• _Recorded information_
lemma linord_of_doc_order:
  assumes T: "is_utree T" and R: "sibord_of T R"
  shows "linord_of T (doc_order (dom_t T) R)"
  unfolding linord_of_def strict_linear_order_on_def
proof (intro conjI)
  show "doc_order (dom_t T) R \<subseteq> dom_t T \<times> dom_t T"
    unfolding doc_order_def by blast
  have "doc_precedes R x z" if "doc_precedes R x y" "doc_precedes R y z" for x y z
    using that by (rule doc_precedes_trans[rotated]) (blast intro: sibord_of_trans[OF T R])
  then show "trans (doc_order (dom_t T) R)"
    unfolding doc_order_def trans_def by blast
  show "irrefl (doc_order (dom_t T) R)"
    using doc_precedes_irrefl sibord_of_pair[OF R]
    unfolding doc_order_def irrefl_def by blast
  show "total_on (dom_t T) (doc_order (dom_t T) R)"
    unfolding total_on_def
  proof (intro ballI impI)
    fix x y assume x: "x \<in> dom_t T" and y: "y \<in> dom_t T" and "x \<noteq> y"
    have "doc_precedes R x y \<or> doc_precedes R y x"
    proof (cases "x \<parallel> y")
      case True
      then obtain s i j t t' where "i \<noteq> j" and xy: "x = s @ i # t" "y = s @ j # t'"
        using parallel_decomp by blast
      have "s @ [i] \<in> dom_t T" "s @ [j] \<in> dom_t T"
        using utree_prefix_closed[OF T, of "s @ [i]" t] utree_prefix_closed[OF T, of "s @ [j]" t']
          x y xy by simp_all
      from sibord_of_total[OF T R this \<open>i \<noteq> j\<close>] show ?thesis
        unfolding xy by (auto intro: doc_precedesI_branch)
    next
      case False
      then have "strict_prefix x y \<or> strict_prefix y x"
        using \<open>x \<noteq> y\<close> unfolding parallel_def strict_prefix_def by blast
      then show ?thesis by (auto intro: doc_precedesI_prefix)
    qed
    then show "(x, y) \<in> doc_order (dom_t T) R \<or> (y, x) \<in> doc_order (dom_t T) R"
      using x y unfolding doc_order_def by blast
  qed
qed

definition Doc_order_fm :: "nat \<Rightarrow> nat \<Rightarrow> 'a mso" where
  "Doc_order_fm x y = Disj (Desc x y) (Ex1 (x + y + 1) (Ex1 (x + y + 2)
     (Conj (Rel (x + y + 1) (x + y + 2))
       (Conj (Disj (Eq (x + y + 1) x) (Desc (x + y + 1) x))
             (Disj (Eq (x + y + 2) y) (Desc (x + y + 2) y))))))"

lemma binary_Doc_order_fm: "binary_fm Doc_order_fm"
  by (auto simp: binary_fm_def Doc_order_fm_def)
(* Let $M$ be a duplicial module in a pre-additive category. For all $n\ge0$, $$\kappa_n=(1-b_{n+1}d_n)(1-d_{n-1}b_n)=(1-d_{n-1}b_n)(1-b_{n+1}d_n).$$
   Context: Let $\mathcal A$ be a pre-additive category. Let $\Lambda_+$ be the category with objects $[n]$, $n\ge0$, where $\Lambda_+([m],[n])$ is the set of weakly monotone $f:\mathbb Z\to\mathbb Z$ with $f(j+m+1)=f(j)+n+1$ for all $j$ and $f(0)\ge0$. Define $\varepsilon^n_i:[n-1]\to[n]$ ($n\ge1$, $0\le i\le n$) by $\varepsilon^n_i(j)=j$ for $0\le j<i$, $j+1$ for $i\le j\le n-1$, and $\eta^n_i:[n+1]\to[n]$ ($0\le i\le n+1$) by $\eta^n_i(j)=j$ for $0\le j\le i$, $j-1$ for $i<j\le n+1$. A duplicial module is a functor $M:\Lambda_+^{op}\to\mathcal A$; $M_n=M([n])$, $\partial_{n,i}=M(\varepsilon^n_i):M_n\to M_{n-1}$, $s_{n,i}=M(\eta^n_i):M_n\to M_{n+1}$. Convention $M_{-1}=0$, maps into/out of it zero. Define $b_n=\sum_{i=0}^n(-1)^i\partial_{n,i}$ ($b_0=0$), $d_n=\sum_{i=0}^{n+1}(-1)^is_{n,i}$ ($d_{-1}=0$), and the Karoubi operator $\kappa_n=(-1)^n(\partial_{n+1,0}s_{n,n+1}-s_{n-1,n}\partial_{n,0})$ (so $\kappa_0=\partial_{1,0}s_{0,1}$). *)

theory Defs
  imports Main
begin

text \<open>A (small) pre-additive category: objects of type 'o, morphisms of type 'm
  (every element of 'm is a morphism), with domain, codomain, composition
  (cmp g f = g after f, defined when pcod f = pdom g), identities, and an
  abelian group structure on every hom-set for which composition is bilinear.\<close>

record ('o, 'm) preadd_cat =
  pdom :: "'m \<Rightarrow> 'o"
  pcod :: "'m \<Rightarrow> 'o"
  cmp  :: "'m \<Rightarrow> 'm \<Rightarrow> 'm"
  idm  :: "'o \<Rightarrow> 'm"
  padd :: "'m \<Rightarrow> 'm \<Rightarrow> 'm"
  pzero :: "'o \<Rightarrow> 'o \<Rightarrow> 'm"
  pneg :: "'m \<Rightarrow> 'm"

definition hom :: "('o, 'm, 'x) preadd_cat_scheme \<Rightarrow> 'o \<Rightarrow> 'o \<Rightarrow> 'm set" where
  "hom A a b = {f. pdom A f = a \<and> pcod A f = b}"

definition preadditive :: "('o, 'm, 'x) preadd_cat_scheme \<Rightarrow> bool" where
  "preadditive A \<longleftrightarrow>
     (\<forall>a. idm A a \<in> hom A a a) \<and>
     (\<forall>a b c f g. f \<in> hom A a b \<longrightarrow> g \<in> hom A b c \<longrightarrow> cmp A g f \<in> hom A a c) \<and>
     (\<forall>a b c d f g h. f \<in> hom A a b \<longrightarrow> g \<in> hom A b c \<longrightarrow> h \<in> hom A c d \<longrightarrow>
          cmp A h (cmp A g f) = cmp A (cmp A h g) f) \<and>
     (\<forall>a b f. f \<in> hom A a b \<longrightarrow> cmp A f (idm A a) = f \<and> cmp A (idm A b) f = f) \<and>
     (\<forall>a b. pzero A a b \<in> hom A a b) \<and>
     (\<forall>a b f g. f \<in> hom A a b \<longrightarrow> g \<in> hom A a b \<longrightarrow> padd A f g \<in> hom A a b) \<and>
     (\<forall>a b f. f \<in> hom A a b \<longrightarrow> pneg A f \<in> hom A a b) \<and>
     (\<forall>a b f g h. f \<in> hom A a b \<longrightarrow> g \<in> hom A a b \<longrightarrow> h \<in> hom A a b \<longrightarrow>
          padd A (padd A f g) h = padd A f (padd A g h)) \<and>
     (\<forall>a b f g. f \<in> hom A a b \<longrightarrow> g \<in> hom A a b \<longrightarrow> padd A f g = padd A g f) \<and>
     (\<forall>a b f. f \<in> hom A a b \<longrightarrow> padd A f (pzero A a b) = f) \<and>
     (\<forall>a b f. f \<in> hom A a b \<longrightarrow> padd A f (pneg A f) = pzero A a b) \<and>
     (\<forall>a b c f g g'. f \<in> hom A a b \<longrightarrow> g \<in> hom A b c \<longrightarrow> g' \<in> hom A b c \<longrightarrow>
          cmp A (padd A g g') f = padd A (cmp A g f) (cmp A g' f)) \<and>
     (\<forall>a b c f f' g. f \<in> hom A a b \<longrightarrow> f' \<in> hom A a b \<longrightarrow> g \<in> hom A b c \<longrightarrow>
          cmp A g (padd A f f') = padd A (cmp A g f) (cmp A g f'))"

• _The task_
All of the data above must be repeated exactly.

• _Expected answer_
lemma linord_of_doc_order:
  assumes T: "is_utree T" and R: "sibord_of T R"
  shows "linord_of T (doc_order (dom_t T) R)"
  unfolding linord_of_def strict_linear_order_on_def
proof (intro conjI)
  show "doc_order (dom_t T) R \<subseteq> dom_t T \<times> dom_t T"
    unfolding doc_order_def by blast
  have "doc_precedes R x z" if "doc_precedes R x y" "doc_precedes R y z" for x y z
    using that by (rule doc_precedes_trans[rotated]) (blast intro: sibord_of_trans[OF T R])
  then show "trans (doc_order (dom_t T) R)"
    unfolding doc_order_def trans_def by blast
  show "irrefl (doc_order (dom_t T) R)"
    using doc_precedes_irrefl sibord_of_pair[OF R]
    unfolding doc_order_def irrefl_def by blast
  show "total_on (dom_t T) (doc_order (dom_t T) R)"
    unfolding total_on_def
  proof (intro ballI impI)
    fix x y assume x: "x \<in> dom_t T" and y: "y \<in> dom_t T" and "x \<noteq> y"
    have "doc_precedes R x y \<or> doc_precedes R y x"
    proof (cases "x \<parallel> y")
      case True
      then obtain s i j t t' where "i \<noteq> j" and xy: "x = s @ i # t" "y = s @ j # t'"
        using parallel_decomp by blast
      have "s @ [i] \<in> dom_t T" "s @ [j] \<in> dom_t T"
        using utree_prefix_closed[OF T, of "s @ [i]" t] utree_prefix_closed[OF T, of "s @ [j]" t']
          x y xy by simp_all
      from sibord_of_total[OF T R this \<open>i \<noteq> j\<close>] show ?thesis
        unfolding xy by (auto intro: doc_precedesI_branch)
    next
      case False
      then have "strict_prefix x y \<or> strict_prefix y x"
        using \<open>x \<noteq> y\<close> unfolding parallel_def strict_prefix_def by blast
      then show ?thesis by (auto intro: doc_precedesI_prefix)
    qed
    then show "(x, y) \<in> doc_order (dom_t T) R \<or> (y, x) \<in> doc_order (dom_t T) R"
      using x y unfolding doc_order_def by blast
  qed
qed

definition Doc_order_fm :: "nat \<Rightarrow> nat \<Rightarrow> 'a mso" where
  "Doc_order_fm x y = Disj (Desc x y) (Ex1 (x + y + 1) (Ex1 (x + y + 2)
     (Conj (Rel (x + y + 1) (x + y + 2))
       (Conj (Disj (Eq (x + y + 1) x) (Desc (x + y + 1) x))
             (Disj (Eq (x + y + 2) y) (Desc (x + y + 2) y))))))"

lemma binary_Doc_order_fm: "binary_fm Doc_order_fm"
  by (auto simp: binary_fm_def Doc_order_fm_def)
(* Let $M$ be a duplicial module in a pre-additive category. For all $n\ge0$, $$\kappa_n=(1-b_{n+1}d_n)(1-d_{n-1}b_n)=(1-d_{n-1}b_n)(1-b_{n+1}d_n).$$
   Context: Let $\mathcal A$ be a pre-additive category. Let $\Lambda_+$ be the category with objects $[n]$, $n\ge0$, where $\Lambda_+([m],[n])$ is the set of weakly monotone $f:\mathbb Z\to\mathbb Z$ with $f(j+m+1)=f(j)+n+1$ for all $j$ and $f(0)\ge0$. Define $\varepsilon^n_i:[n-1]\to[n]$ ($n\ge1$, $0\le i\le n$) by $\varepsilon^n_i(j)=j$ for $0\le j<i$, $j+1$ for $i\le j\le n-1$, and $\eta^n_i:[n+1]\to[n]$ ($0\le i\le n+1$) by $\eta^n_i(j)=j$ for $0\le j\le i$, $j-1$ for $i<j\le n+1$. A duplicial module is a functor $M:\Lambda_+^{op}\to\mathcal A$; $M_n=M([n])$, $\partial_{n,i}=M(\varepsilon^n_i):M_n\to M_{n-1}$, $s_{n,i}=M(\eta^n_i):M_n\to M_{n+1}$. Convention $M_{-1}=0$, maps into/out of it zero. Define $b_n=\sum_{i=0}^n(-1)^i\partial_{n,i}$ ($b_0=0$), $d_n=\sum_{i=0}^{n+1}(-1)^is_{n,i}$ ($d_{-1}=0$), and the Karoubi operator $\kappa_n=(-1)^n(\partial_{n+1,0}s_{n,n+1}-s_{n-1,n}\partial_{n,0})$ (so $\kappa_0=\partial_{1,0}s_{0,1}$). *)

theory Defs
  imports Main
begin

text \<open>A (small) pre-additive category: objects of type 'o, morphisms of type 'm
  (every element of 'm is a morphism), with domain, codomain, composition
  (cmp g f = g after f, defined when pcod f = pdom g), identities, and an
  abelian group structure on every hom-set for which composition is bilinear.\<close>

record ('o, 'm) preadd_cat =
  pdom :: "'m \<Rightarrow> 'o"
  pcod :: "'m \<Rightarrow> 'o"
  cmp  :: "'m \<Rightarrow> 'm \<Rightarrow> 'm"
  idm  :: "'o \<Rightarrow> 'm"
  padd :: "'m \<Rightarrow> 'm \<Rightarrow> 'm"
  pzero :: "'o \<Rightarrow> 'o \<Rightarrow> 'm"
  pneg :: "'m \<Rightarrow> 'm"

definition hom :: "('o, 'm, 'x) preadd_cat_scheme \<Rightarrow> 'o \<Rightarrow> 'o \<Rightarrow> 'm set" where
  "hom A a b = {f. pdom A f = a \<and> pcod A f = b}"

definition preadditive :: "('o, 'm, 'x) preadd_cat_scheme \<Rightarrow> bool" where
  "preadditive A \<longleftrightarrow>
     (\<forall>a. idm A a \<in> hom A a a) \<and>
     (\<forall>a b c f g. f \<in> hom A a b \<longrightarrow> g \<in> hom A b c \<longrightarrow> cmp A g f \<in> hom A a c) \<and>
     (\<forall>a b c d f g h. f \<in> hom A a b \<longrightarrow> g \<in> hom A b c \<longrightarrow> h \<in> hom A c d \<longrightarrow>
          cmp A h (cmp A g f) = cmp A (cmp A h g) f) \<and>
     (\<forall>a b f. f \<in> hom A a b \<longrightarrow> cmp A f (idm A a) = f \<and> cmp A (idm A b) f = f) \<and>
     (\<forall>a b. pzero A a b \<in> hom A a b) \<and>
     (\<forall>a b f g. f \<in> hom A a b \<longrightarrow> g \<in> hom A a b \<longrightarrow> padd A f g \<in> hom A a b) \<and>
     (\<forall>a b f. f \<in> hom A a b \<longrightarrow> pneg A f \<in> hom A a b) \<and>
     (\<forall>a b f g h. f \<in> hom A a b \<longrightarrow> g \<in> hom A a b \<longrightarrow> h \<in> hom A a b \<longrightarrow>
          padd A (padd A f g) h = padd A f (padd A g h)) \<and>
     (\<forall>a b f g. f \<in> hom A a b \<longrightarrow> g \<in> hom A a b \<longrightarrow> padd A f g = padd A g f) \<and>
     (\<forall>a b f. f \<in> hom A a b \<longrightarrow> padd A f (pzero A a b) = f) \<and>
     (\<forall>a b f. f \<in> hom A a b \<longrightarrow> padd A f (pneg A f) = pzero A a b) \<and>
     (\<forall>a b c f g g'. f \<in> hom A a b \<longrightarrow> g \<in> hom A b c \<longrightarrow> g' \<in> hom A b c \<longrightarrow>
          cmp A (padd A g g') f = padd A (cmp A g f) (cmp A g' f)) \<and>
     (\<forall>a b c f f' g. f \<in> hom A a b \<longrightarrow> f' \<in> hom A a b \<longrightarrow> g \<in> hom A b c \<longrightarrow>
          cmp A g (padd A f f') = padd A (cmp A g f) (cmp A g f'))"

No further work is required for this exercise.